0

I am trying to scatter plot lists x and y and color code their points corresponding to list z:

plt.scatter(x,y,c=z)

z is a list of strings with many repeats. example z:

z = ['Adelie', 'Adelie', 'Adelie', 'Adelie', 'Gentoo', 'Gentoo', 'Gentoo', 'Gentoo']
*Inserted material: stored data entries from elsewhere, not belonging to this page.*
lemma prob_candidates_in:
  assumes "prob_space \<mu>"
    and W: "W \<in> measurable M (step_measure \<mu> \<kappa> n)"
    and W_distr: "distr M (step_measure \<mu> \<kappa> n) W = step_measure \<mu> \<kappa> n"
    and B: "B \<in> sets \<mu>"
  shows "prob {\<omega> \<in> space M. \<forall>i<\<kappa> n. fst (W \<omega>) i \<in> B} = measure \<mu> B ^ \<kappa> n"
proof -
  have cands: "(\<lambda>\<omega>. fst (W \<omega>)) \<in> measurable M (PiM {..<\<kappa> n} (\<lambda>_. \<mu>))"
    using W unfolding step_measure_def by measurable
  have box: "Pi\<^sub>E {..<\<kappa> n} (\<lambda>_. B) \<in> sets (PiM {..<\<kappa> n} (\<lambda>_. \<mu>))"
    using B by (intro sets_PiM_I_finite) auto
  have "{\<omega> \<in> space M. \<forall>i<\<kappa> n. fst (W \<omega>) i \<in> B}
      = (\<lambda>\<omega>. fst (W \<omega>)) -` Pi\<^sub>E {..<\<kappa> n} (\<lambda>_. B) \<inter> space M"
  proof -
    have "fst (W \<omega>) \<in> extensional {..<\<kappa> n}" if "\<omega> \<in> space M" for \<omega>
      using measurable_space[OF cands that] by (simp add: space_PiM PiE_def)
    thus ?thesis by (auto simp: PiE_iff)
  qed
  hence "prob {\<omega> \<in> space M. \<forall>i<\<kappa> n. fst (W \<omega>) i \<in> B}
      = measure (distr M (PiM {..<\<kappa> n} (\<lambda>_. \<mu>)) (\<lambda>\<omega>. fst (W \<omega>))) (Pi\<^sub>E {..<\<kappa> n} (\<lambda>_. B))"
    using measure_distr[OF cands box] by simp
  also have "\<dots> = measure \<mu> B ^ \<kappa> n"
    unfolding distr_candidates[OF W W_distr] using assms(1) B by (simp add: measure_PiM_PiE_const)
  finally show ?thesis .
qed

lemma prob_INT_indep_events_eq_0:
  assumes indep: "indep_events E {1..}"
    and diverges: "\<not> summable (\<lambda>n. 1 - prob (E (Suc n)))"
  shows "prob (\<Inter>n\<in>{1..}. E n) = 0"
proof (rule ccontr)
  let ?G = "\<Inter>n\<in>{1..}. E n"
  let ?S = "\<lambda>N. \<Sum>n<N. 1 - prob (E (Suc n))"
  have E_sets: "E n \<in> events" if "1 \<le> n" for n
    using indep that unfolding indep_events_def by auto
  assume "prob ?G \<noteq> 0"
  hence pos: "0 < prob ?G" using measure_nonneg[of M ?G] by linarith
  obtain N where N: "- ln (prob ?G) < ?S N"
  proof (rule ccontr)
    assume "\<not> thesis"
    hence "?S N \<le> - ln (prob ?G)" for N using that by (meson not_less)
    hence "summable (\<lambda>n. 1 - prob (E (Suc n)))"
      by (intro summableI_nonneg_bounded) auto
    with diverges show False ..
  qed
  have "0 \<le> - ln (prob ?G)" using pos by simp
  with N have "1 \<le> N" by (cases N) auto
  have "prob ?G \<le> prob (\<Inter>n\<in>{1..N}. E n)"
    using E_sets \<open>1 \<le> N\<close> by (intro finite_measure_mono) auto
  also have "\<dots> = (\<Prod>n\<in>{1..N}. prob (E n))"
    using indep \<open>1 \<le> N\<close> unfolding indep_events_def by auto
  also have "\<dots> \<le> (\<Prod>n\<in>{1..N}. exp (- (1 - prob (E n))))"
  proof (rule prod_mono)
    fix n
    show "0 \<le> prob (E n) \<and> prob (E n) \<le> exp (- (1 - prob (E n)))"
      using exp_ge_add_one_self[of "prob (E n) - 1"] by simp
  qed
  also have "\<dots> = exp (\<Sum>n\<in>{1..N}. - (1 - prob (E n)))"
    by (rule exp_sum[OF finite_atLeastAtMost, symmetric])
  also have "\<dots> = exp (- ?S N)"
    by (simp only: sum_negf sum_bounds_lt_plus1[symmetric])
  also have "\<dots> < exp (ln (prob ?G))" using N by simp
  finally show False using pos by simp
qed
(* Let $\mathcal{A}$ be a probabilistic automaton. Its extended Markov monoid $\mathcal{G}_+$, equipped with (componentwise) concatenation and with the iteration operation $(\mathbf{u},\mathbf{u}_+)\mapsto(\mathbf{u}^\sharp,\mathbf{u}_+)$ on idempotent elements, is a stabilization monoid.
   Context: Fix a finite alphabet $A$ and a probabilistic automaton $\mathcal{A}=(Q,q_0,\Delta,F)$, $\Delta:Q\times A\to\mathcal{D}(Q)$. A limit-word is a map $\mathbf{u}:Q\times Q\to\{0,1\}$ such that every $s$ has some $t$ with $\mathbf{u}(s,t)=1$. Concatenation: $(\mathbf{u}\cdot\mathbf{v})(s,t)=1$ iff there is $q$ with $\mathbf{u}(s,q)=\mathbf{v}(q,t)=1$. $\mathbf{u}$ is idempotent if $\mathbf{u}\cdot\mathbf{u}=\mathbf{u}$; for idempotent $\mathbf{u}$, $s$ is $\mathbf{u}$-recurrent if for all $t$, $\mathbf{u}(s,t)=1\Rightarrow\mathbf{u}(t,s)=1$, and $\mathbf{u}^\sharp(s,t)=1$ iff $\mathbf{u}(s,t)=1$ and $t$ is $\mathbf{u}$-recurrent. For $a\in A$, $\mathbf{a}(s,t)=1$ iff $\Delta(s,a)(t)>0$; $\mathbf{1}$ is the identity. An extended limit-word is a pair $(\mathbf{u},\mathbf{u}_+)$ of limit-words with $\mathbf{u}(s,t)=1\Rightarrow\mathbf{u}_+(s,t)=1$ for all $s,t$. Concatenation of extended limit-words is componentwise; $(\mathbf{u},\mathbf{u}_+)$ is idempotent if both components are idempotent, and then $(\mathbf{u},\mathbf{u}_+)^\sharp=(\mathbf{u}^\sharp,\mathbf{u}_+)$. The extended Markov monoid is the smallest set of extended limit-words containing $\{(\mathbf{a},\mathbf{a})\mid a\in A\}\cup\{(\mathbf{1},\mathbf{1})\}$ and closed under concatenation and under iteration of idempotents. A stabilization monoid $(M,\cdot,\sharp)$ is a finite monoid $(M,\cdot)$ with an operation $\sharp:E(M)\to E(M)$, $E(M)$ the set of idempotents of $M$, such that: $(a\cdot b)^\sharp\cdot a=a\cdot(b\cdot a)^\sharp$ whenever $a\cdot b, b\cdot a\in E(M)$; $(e^\sharp)^\sharp=e^\sharp$ for $e\in E(M)$; and $e^\sharp\cdot e=e^\sharp$ for $e\in E(M)$. *)

theory Defs
  imports "HOL-Probability.Probability_Mass_Function"
begin

type_synonym 'q lword = "'q \<Rightarrow> 'q \<Rightarrow> bool"

definition is_limit_word :: "'q lword \<Rightarrow> bool" where
  "is_limit_word u \<longleftrightarrow> (\<forall>s. \<exists>t. u s t)"

definition lw_mult :: "'q lword \<Rightarrow> 'q lword \<Rightarrow> 'q lword" where
  "lw_mult u v = (\<lambda>s t. \<exists>q. u s q \<and> v q t)"

definition lw_one :: "'q lword" where
  "lw_one = (\<lambda>s t. s = t)"

definition lw_idem :: "'q lword \<Rightarrow> bool" where
  "lw_idem u \<longleftrightarrow> lw_mult u u = u"

definition lw_recurrent :: "'q lword \<Rightarrow> 'q \<Rightarrow> bool" where
  "lw_recurrent u s \<longleftrightarrow> (\<forall>t. u s t \<longrightarrow> u t s)"

definition lw_sharp :: "'q lword \<Rightarrow> 'q lword" where
  "lw_sharp u = (\<lambda>s t. u s t \<and> lw_recurrent u t)"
I believe a good way to do this would be by creating a list that transforms the string values of z into integer values, like so:

newz = [1, 1, 1, 1, 2, 2, 2, 2]

Then I believe I could achieve my goals with this code

 plt.scatter(x,y,c=newz)

What is the best way to create newz, and is this a good way to color my scatter plot points?

Dom
  • 13
  • 2

1 Answers1

0

I figured it out courtesy of this post: Map unique strings to integers in Python

My code:

import matplotlib.pyplot as plt
plist = csv2dict("penguins.csv")
x=[] #bill length list
y=[] #bill depth list
z=[] #species list
for count,pdict in enumerate(plist):
  try:
    x.append(float(pdict["bill_length_mm"]))
    y.append(float(pdict["bill_depth_mm"]))
    z.append(pdict['species'])
  except:
    print(f'row {count+1} had a bad value')
    print(pdict)

newz=dict([(y,x+1) for x,y in enumerate(sorted(set(z)))])

plt.scatter(x,y,c=[newz[d] for d in z])
Dom
  • 13
  • 2